KEGGCharter then represents this information in KEGG metabolic maps. If information is available as result of (meta)genomics analysis, KEGGCharter will localize the boxes whose functions are present in the organisms' genomes, mapping their genomic potential. If (meta)transcriptomics data is available, KEGGCharter will consider the sample as a whole, measuring gene expression and performing a multi-sample comparison for each function in the metabolic maps.
- maps with genomic information are identified with the prefix "potential_" from genomic potential (figure 1).
Figure 1 - KEGG metabolic map of methane metabolism, with identified taxa for each function from a simulated dataset.
- maps with transcriptomic information are identified with the prefix "differential_" from differential expression (figure 2).
Figure 2 - KEGG metabolic map of methane metabolism, with differential analysis of quantified expression for each function from a simulated dataset.
KEGGCharter provides several options for customizing its workflow.
usage: kegg_charter.py [-h] [-o OUTPUT] [--tsv] [-t THREADS]
[-mm METABOLIC_MAPS] [-gcol GENOMIC_COLUMNS]
[-tcol TRANSCRIPTOMIC_COLUMNS] [-tls TAXA_LIST]
[-not NUMBER_OF_TAXA] [-keggc KEGG_COLUMN]
[-koc KO_COLUMN] [-ecc EC_COLUMN] [--resume] [-v] -f
FILE -tc TAXA_COLUMN [--show-available-maps]
KEGGCharter - A tool for representing genomic potential and transcriptomic
expression into KEGG pathways
optional arguments:
-h, --help show this help message and exit
-o OUTPUT, --output OUTPUT
Output directory
--tsv Results will be outputed in TSV format (and not
EXCEL).
-mm METABOLIC_MAPS, --metabolic-maps METABOLIC_MAPS
IDs of metabolic maps to output
-gcol GENOMIC_COLUMNS, --genomic-columns GENOMIC_COLUMNS
Names of columns with genomic identification
-tcol TRANSCRIPTOMIC_COLUMNS, --transcriptomic-columns TRANSCRIPTOMIC_COLUMNS
Names of columns with transcriptomics quantification
-tls TAXA_LIST, --taxa-list TAXA_LIST
List of taxa to represent in genomic potential charts
(comma separated)
-not NUMBER_OF_TAXA, --number-of-taxa NUMBER_OF_TAXA
Number of taxa to represent in genomic potential
charts (comma separated)
-keggc KEGG_COLUMN, --kegg-column KEGG_COLUMN
Column with KEGG IDs.
-koc KO_COLUMN, --ko-column KO_COLUMN
Column with KOs.
-ecc EC_COLUMN, --ec-column EC_COLUMN
Column with EC numbers.
--resume Data inputed has already been analyzed by KEGGCharter.

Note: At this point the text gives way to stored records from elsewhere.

lemma ennreal_powr_mono:
  fixes u v p :: real
  assumes "0 \<le> u" "u \<le> v" "0 \<le> p"
  shows "ennreal (u powr p) \<le> ennreal (v powr p)"
  using assms by (intro ennreal_leI powr_mono2) auto

lemma ennreal_powr_strict_mono:
  fixes u v p :: real
  assumes "0 \<le> u" "u < v" "0 < p"
  shows "ennreal (u powr p) < ennreal (v powr p)"
  using assms by (subst ennreal_less_iff) (auto intro: powr_less_mono2)

lemma Lp_err_pow_Un_eq_if_optimal_outside_hull:
  fixes M :: "'a::euclidean_space measure"
  assumes "prob_space M" "sets M = sets borel" "p > 0"
    and H: "convex H" "closed H" "msupp M \<subseteq> H" "\<xi> \<notin> H"
    and finite_err: "Lp_err_pow p M (\<Gamma> \<union> {closest_point H \<xi>}) < \<infinity>"
    and optimal: "Lp_err_pow p M (\<Gamma> \<union> {\<xi>}) \<le> Lp_err_pow p M (\<Gamma> \<union> {closest_point H \<xi>})"
  shows "Lp_err_pow p M (\<Gamma> \<union> {\<xi>}) = Lp_err_pow p M \<Gamma>"
proof -
  define \<pi> where "\<pi> = closest_point H \<xi>"
  define err where "err A x = ennreal (infdist x A powr p)" for A and x :: 'a
  have err_measurable[measurable]: "err A \<in> borel_measurable M" for A
    unfolding err_def by (rule borel_measurable_infdist_powr[OF assms(2)])
  have AE_in_H: "AE x in M. x \<in> H"
    using AE_in_msupp[OF assms(2)] by eventually_elim (use H(3) in blast)
  have closer: "dist x \<pi> < dist x \<xi>" if "x \<in> H" for x
    unfolding \<pi>_def by (rule dist_closest_point_less[OF H(1,2) that H(4)])
  have projection_better: "AE x in M. err (\<Gamma> \<union> {\<pi>}) x \<le> err (\<Gamma> \<union> {\<xi>}) x"
    using AE_in_H
  proof eventually_elim
    case (elim x)
    show ?case
      unfolding err_def using closer[OF elim] assms(3)
      by (intro ennreal_powr_mono infdist_nonneg infdist_Un_singleton_mono) auto
  qed
  have "AE x in M. err (\<Gamma> \<union> {\<xi>}) x \<le> err (\<Gamma> \<union> {\<pi>}) x"
  proof (rule ccontr)
    assume "\<not> (AE x in M. err (\<Gamma> \<union> {\<xi>}) x \<le> err (\<Gamma> \<union> {\<pi>}) x)"
    then have "(\<integral>\<^sup>+x. err (\<Gamma> \<union> {\<pi>}) x \<partial>M) < (\<integral>\<^sup>+x. err (\<Gamma> \<union> {\<xi>}) x \<partial>M)"
      using finite_err
      by (intro nn_integral_less err_measurable projection_better) (simp_all add: err_def Lp_err_pow_def \<pi>_def)
    then show False
      using optimal by (simp add: err_def Lp_err_pow_def \<pi>_def)
  qed
  with AE_in_H have \<xi>_never_nearest: "AE x in M. \<Gamma> \<noteq> {} \<and> infdist x \<Gamma> \<le> dist x \<xi>"
  proof eventually_elim
    case (elim x)
    show ?case
    proof (rule ccontr)
      assume "\<not> (\<Gamma> \<noteq> {} \<and> infdist x \<Gamma> \<le> dist x \<xi>)"
      then have "infdist x (\<Gamma> \<union> {\<pi>}) < infdist x (\<Gamma> \<union> {\<xi>})"
        using closer[OF elim(1)] by (intro infdist_Un_singleton_strict_mono) auto
      then show False
        using elim(2) assms(3) ennreal_powr_strict_mono[OF infdist_nonneg]
        by (auto simp: err_def not_le[symmetric])
    qed
  qed
  have "\<Gamma> \<noteq> {}"
    using prob_space.AE_False[OF assms(1)] AE_mp[OF \<xi>_never_nearest] by blast
  have "(\<integral>\<^sup>+x. err (\<Gamma> \<union> {\<xi>}) x \<partial>M) = (\<integral>\<^sup>+x. err \<Gamma> x \<partial>M)"
    using \<xi>_never_nearest
    by (intro nn_integral_cong_AE, eventually_elim) (simp add: err_def infdist_Un_singleton min_def del: Un_insert_right)
  then show ?thesis
    using \<open>\<Gamma> \<noteq> {}\<close> by (simp add: err_def Lp_err_pow_def)
qed
(* Let $G$ be a finite solvable group and let $1=H_0 \triangleleft H_1\triangleleft\cdots\triangleleft H_m=G$ be a strictly ascending series of normal subgroups of $G$ such that $H_i=\gamma_{k_i}(H_{i+1})$ with $k_i\in\mathbb{N}\cup\{\infty\}$ for $i\in\{1,\dots,m-1\}$ and $k_0=\infty$. Let $c=\lvert\{i\in\{1,\dots,m-1\}:k_i=\infty\}\rvert$ and $C=\prod_{k_i<\infty}(k_i+1)$, and set $D=c/C^{1/c}$. Then the $n$-input AND function can be computed by a $G$-program of length $O(2^{Dn^{1/c}})$. More precisely, for every $n\in\mathbb{N}$ there exist $1\neq g\in G$ and a $G$-program $Q_n$ over variables $B_1,\dots,B_n$ of length $O(2^{Dn^{1/c}})$ such that for every assignment $\sigma:\{B_1,\dots,B_n\}\to\{0,1\}$, $\sigma(Q_n)=g$ if $\sigma(B_1)=\cdots=\sigma(B_n)=1$ and $\sigma(Q_n)=1$ otherwise.
   Context: Commutators: $[x,y]=x^{-1}y^{-1}xy$; for subgroups $A,B$, $[A,B]$ is the subgroup generated by all $[a,b]$, and $[A_1,\dots,A_k]=[[A_1,\dots,A_{k-1}],A_k]$. For a group $H$ and $k\in\mathbb{N}$, $\gamma_kH=[H,H,\dots,H]$ with $k+1$ copies of $H$ (so $\gamma_1H=[H,H]$), and $\gamma_\infty H$ (the nilpotent residual) is $\gamma_iH$ for all sufficiently large $i$. An $n$-input $G$-program of length $\ell$ is a sequence $\langle B_{i_1},a_1,b_1\rangle\cdots\langle B_{i_\ell},a_\ell,b_\ell\rangle$ with $B_{i_j}\in\{B_1,\dots,B_n\}$ and $a_j,b_j\in G$; for $\sigma:\{B_1,\dots,B_n\}\to\{0,1\}$, $\sigma(P)=c_1\cdots c_\ell\in G$ where $c_j=a_j$ if $\sigma(B_{i_j})=0$ and $c_j=b_j$ if $\sigma(B_{i_j})=1$. A $G$-program $P$ computes $f:\{0,1\}^n\to\{0,1\}$ if there is $S\subseteq G$ with $\sigma(P)\in S$ iff $f(\sigma)=1$. *)

theory Defs
  imports Complex_Main "HOL-Algebra.Algebra" "HOL-Library.Extended_Nat"
begin

definition gcomm :: "('a, 'b) monoid_scheme \<Rightarrow> 'a \<Rightarrow> 'a \<Rightarrow> 'a" where
  "gcomm G x y = inv\<^bsub>G\<^esub> x \<otimes>\<^bsub>G\<^esub> inv\<^bsub>G\<^esub> y \<otimes>\<^bsub>G\<^esub> x \<otimes>\<^bsub>G\<^esub> y"

definition comm_subgroup :: "('a, 'b) monoid_scheme \<Rightarrow> 'a set \<Rightarrow> 'a set \<Rightarrow> 'a set" where
  "comm_subgroup G A B = generate G {gcomm G a b | a b. a \<in> A \<and> b \<in> B}"

text \<open>gamma_k H = [H,H,...,H] with k+1 copies of H (so gamma_0 H = H, gamma_1 H = [H,H]).\<close>
fun lcs :: "('a, 'b) monoid_scheme \<Rightarrow> 'a set \<Rightarrow> nat \<Rightarrow> 'a set" where
  "lcs G H 0 = H"
| "lcs G H (Suc k) = comm_subgroup G (lcs G H k) H"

-v, --version show program's version number and exit
-tc TAXA_COLUMN, --taxa-column TAXA_COLUMN
Column with the taxa designations to represent with
KEGGChart
required named arguments:
-f FILE, --file FILE TSV or EXCEL table with information to chart
Special functions:
--show-available-maps
Outputs KEGG maps IDs and descriptions to the console
(so you may pick the ones you want!)
If you use KEGGCharter, please cite its publication.